Practical recommendations: How to invest safely in ETFs
With the right strategy, you can minimise ETF risks and secure your assets in the long term. The following tips will help you invest safely and successfully in ETFs.
- Invest for the long term: Plan your ETF investments with a time horizon of at least 10–15 years. This will allow you to offset short-term losses caused by market fluctuations and benefit from long-term growth in value.
- Broad diversification: Invest in globally diversified ETFs such as the MSCI World. With an index fund like this, you automatically invest in hundreds of companies from different countries and sectors, which significantly reduces your risk.
- Prefer physical ETFs: Choose index-linked funds that directly purchase the securities in the index to avoid counterparty risk. Synthetic ETFs carry additional risk, even if they are regulated.
- Use specialised ETFs in moderation: Invest a maximum of 10-20% of your portfolio in thematic ETFs such as hydrogen or renewable energies. The majority of your capital should be invested in broadly diversified standard ETFs in order to minimise cluster risk.
- Keep an eye on costs: Choose index-linked funds with a low total expense ratio (TER), ideally below 0.5%. Low costs significantly increase your returns, especially for long-term investments.
- Manage exchange rate risks: If you invest in index funds with foreign currencies, check whether currency hedging makes sense to avoid losses due to fluctuating exchange rates.
- Use reputable providers: Choose established ETF providers such as BlackRock, Vanguard or iShares. These are financially stable and offer a wide range of index-linked funds. You should also choose an attractive platform for investing. We recommend reading the article on Trade Republic vs. Scalable Capital.
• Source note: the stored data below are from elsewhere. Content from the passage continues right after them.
(* Let $A$ be a finite abelian group. A subgroup inclusion $X\subseteq A$ is a cellular cover of $A$ if and only if $X$ is the $k$-torsion subgroup $\{x\in A: kx=0\}$ of $A$ for some positive integer $k$. Moreover every cellular cover of $A$ is equivalent to such an inclusion, so $\mathrm{Cov}(A)$ is in bijection with the set of subgroups of $A$ of the form $\{x\in A:kx=0\}$, $k\ge1$.
   Context: A cellular cover of $A$ is a homomorphism $c:X\to A$ such that $\mathrm{Hom}(X,X)\to\mathrm{Hom}(X,A)$, $f\mapsto cf$, is bijective; two cellular covers $c:X\to A$, $d:Y\to A$ are equivalent if $dh=c$ for some isomorphism $h:X\to Y$, and $\mathrm{Cov}(A)$ is the set of equivalence classes. (For finitely generated nilpotent groups such covers are injective, so they are equivalent to subgroup inclusions.) *)

theory Defs
  imports "HOL-Algebra.Algebra"
begin

text \<open>Since HOL-Algebra homomorphisms are arbitrary
  functions (not extensional), homomorphisms are identified with their restriction
  to the carrier of B, i.e. we work with the extensional homomorphisms.\<close>
definition cellular_cover ::
  "('b, 'm) monoid_scheme \<Rightarrow> ('a, 'n) monoid_scheme \<Rightarrow> ('b \<Rightarrow> 'a) \<Rightarrow> bool" where
  "cellular_cover B A c \<longleftrightarrow>
     c \<in> hom B A \<and>
     bij_betw (\<lambda>f. restrict (\<lambda>x. c (f x)) (carrier B))
       (hom B B \<inter> extensional (carrier B))
       (hom B A \<inter> extensional (carrier B))"

definition torsion_subgroup :: "('a, 'n) monoid_scheme \<Rightarrow> nat \<Rightarrow> 'a set" where
  "torsion_subgroup A k = {x \<in> carrier A. x [^]\<^bsub>A\<^esub> k = \<one>\<^bsub>A\<^esub>}"

end

theory Submission
  imports Defs
begin

(*
  The key algebraic fact is a splitting lemma: if an abelian group G has exponent k and
  h in G has order exactly k, then there is a character r : G -> Z/k with r h = 1, so the
  cyclic group generated by h is a direct summand.  It is proved by extending partial
  characters one element at a time and applying Zorn's lemma (G need not be finite: it
  is applied to the domain of an arbitrary cover before that is known to be finite).
  Consequently a homomorphism out of G may send h to any element a with a^k = 1.

  Together with the existence of an element whose order is the exponent, this shows that
  a finite subgroup H of A is closed under all homomorphisms H -> A iff H is a torsion
  subgroup {x. x^k = 1}.  For an inclusion H <= A the cellular cover condition is exactly
  this closure property, which gives the first half of the theorem.  For an arbitrary
  cover c : B -> A we show that B is abelian, that c is injective (using the splitting
  lemma inside B) and that c(B) is closed under homomorphisms; hence c is an isomorphism
  onto a torsion subgroup of A.
*)

lemma (in comm_group) ord_mult_coprime:
  assumes x: "x \<in> carrier G" and y: "y \<in> carrier G" and cop: "coprime (ord x) (ord y)"
  shows "ord (x \<otimes> y) = ord x * ord y"
proof -
  let ?t = "ord (x \<otimes> y)"
  have t: "x [^] ?t \<otimes> y [^] ?t = \<one>"
    using x y by (metis nat_pow_distrib pow_ord_eq_1 m_closed)
  have kill: "a [^] (?t * ord b) = \<one>"
    if a: "a \<in> carrier G" and b: "b \<in> carrier G" and ab: "a [^] ?t \<otimes> b [^] ?t = \<one>" for a b
  proof -
    have "(a [^] ?t) [^] ord b \<otimes> (b [^] ?t) [^] ord b = \<one>"
      using ab a b by (metis nat_pow_distrib nat_pow_closed nat_pow_one)
    moreover have "(b [^] ?t) [^] ord b = \<one>"
      using b by (metis nat_pow_one nat_pow_pow pow_ord_eq_1 mult.commute)
    ultimately show ?thesis using a by (simp add: nat_pow_pow)
  qed
  have "ord x dvd ?t * ord y" using kill[OF x y t] pow_eq_id x by blast
  hence dx: "ord x dvd ?t" using cop by (simp add: coprime_dvd_mult_left_iff)
  have "y [^] ?t \<otimes> x [^] ?t = \<one>" using t x y by (simp add: m_comm)
  hence "ord y dvd ?t * ord x" using kill[OF y x] pow_eq_id y by blast
  hence dy: "ord y dvd ?t" using cop by (simp add: coprime_dvd_mult_left_iff coprime_commute)
  have "ord x * ord y dvd ?t" using dx dy cop by (simp add: divides_mult)
  moreover have "?t dvd ord x * ord y" by (rule abelian_ord_mul_divides[OF x y])
  ultimately show ?thesis by (metis dvd_antisym)
qed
- Stay disciplined: don’t let price fluctuations tempt you into panic selling. Stick to your investment plan and focus on your long-term goals.
- Savings plans for small amounts: Use ETF savings plans to invest regularly in a broadly diversified manner, even with small amounts. You can build up long-term wealth starting from as little as €1 per month.
- Review your portfolio regularly: Check once a year whether your ETFs still meet your investment goals and rebalance your portfolio if necessary.
- Find out in advance: The ETF taxes you owe depend on whether you choose accumulating or distributing ETFs. With dividend ETFs, capital gains tax is deducted directly when the dividends are paid out. The situation is different for accumulating funds. In this case, the advance lump sum is payable annually.
Consider these criteria to build a secure, robust portfolio. This will allow you to relax and enjoy the long-term benefits of your investments.
Conclusion: ETF risks – know these dangers to protect your money
ETFs are a versatile and attractive investment vehicle that offer many advantages. Their low costs, broad diversification and high flexibility make them particularly interesting for long-term investors. Their combination of transparency and accessibility makes them equally suitable for beginners and experienced investors.
Nevertheless, you should be aware of the risks associated with ETFs. Market risks, exchange rate risks and specific risks such as counterparty risk in synthetic index funds or cluster risk in theme ETFs can affect your returns. Careful selection and strategy are crucial to avoiding losses and maximising the potential of index-linked funds.
With the right measures, such as a long-term investment horizon and the use of savings plans, you can secure your ETF portfolio and benefit from the advantages of this asset class.
Remember to make informed decisions and do your research beforehand, for example on costs or the choice between accumulating and distributing ETFs.
In conclusion, index-linked funds are an excellent way to build wealth if you understand the risks and actively manage them. With a well-thought-out strategy, nothing stands in the way of your financial success.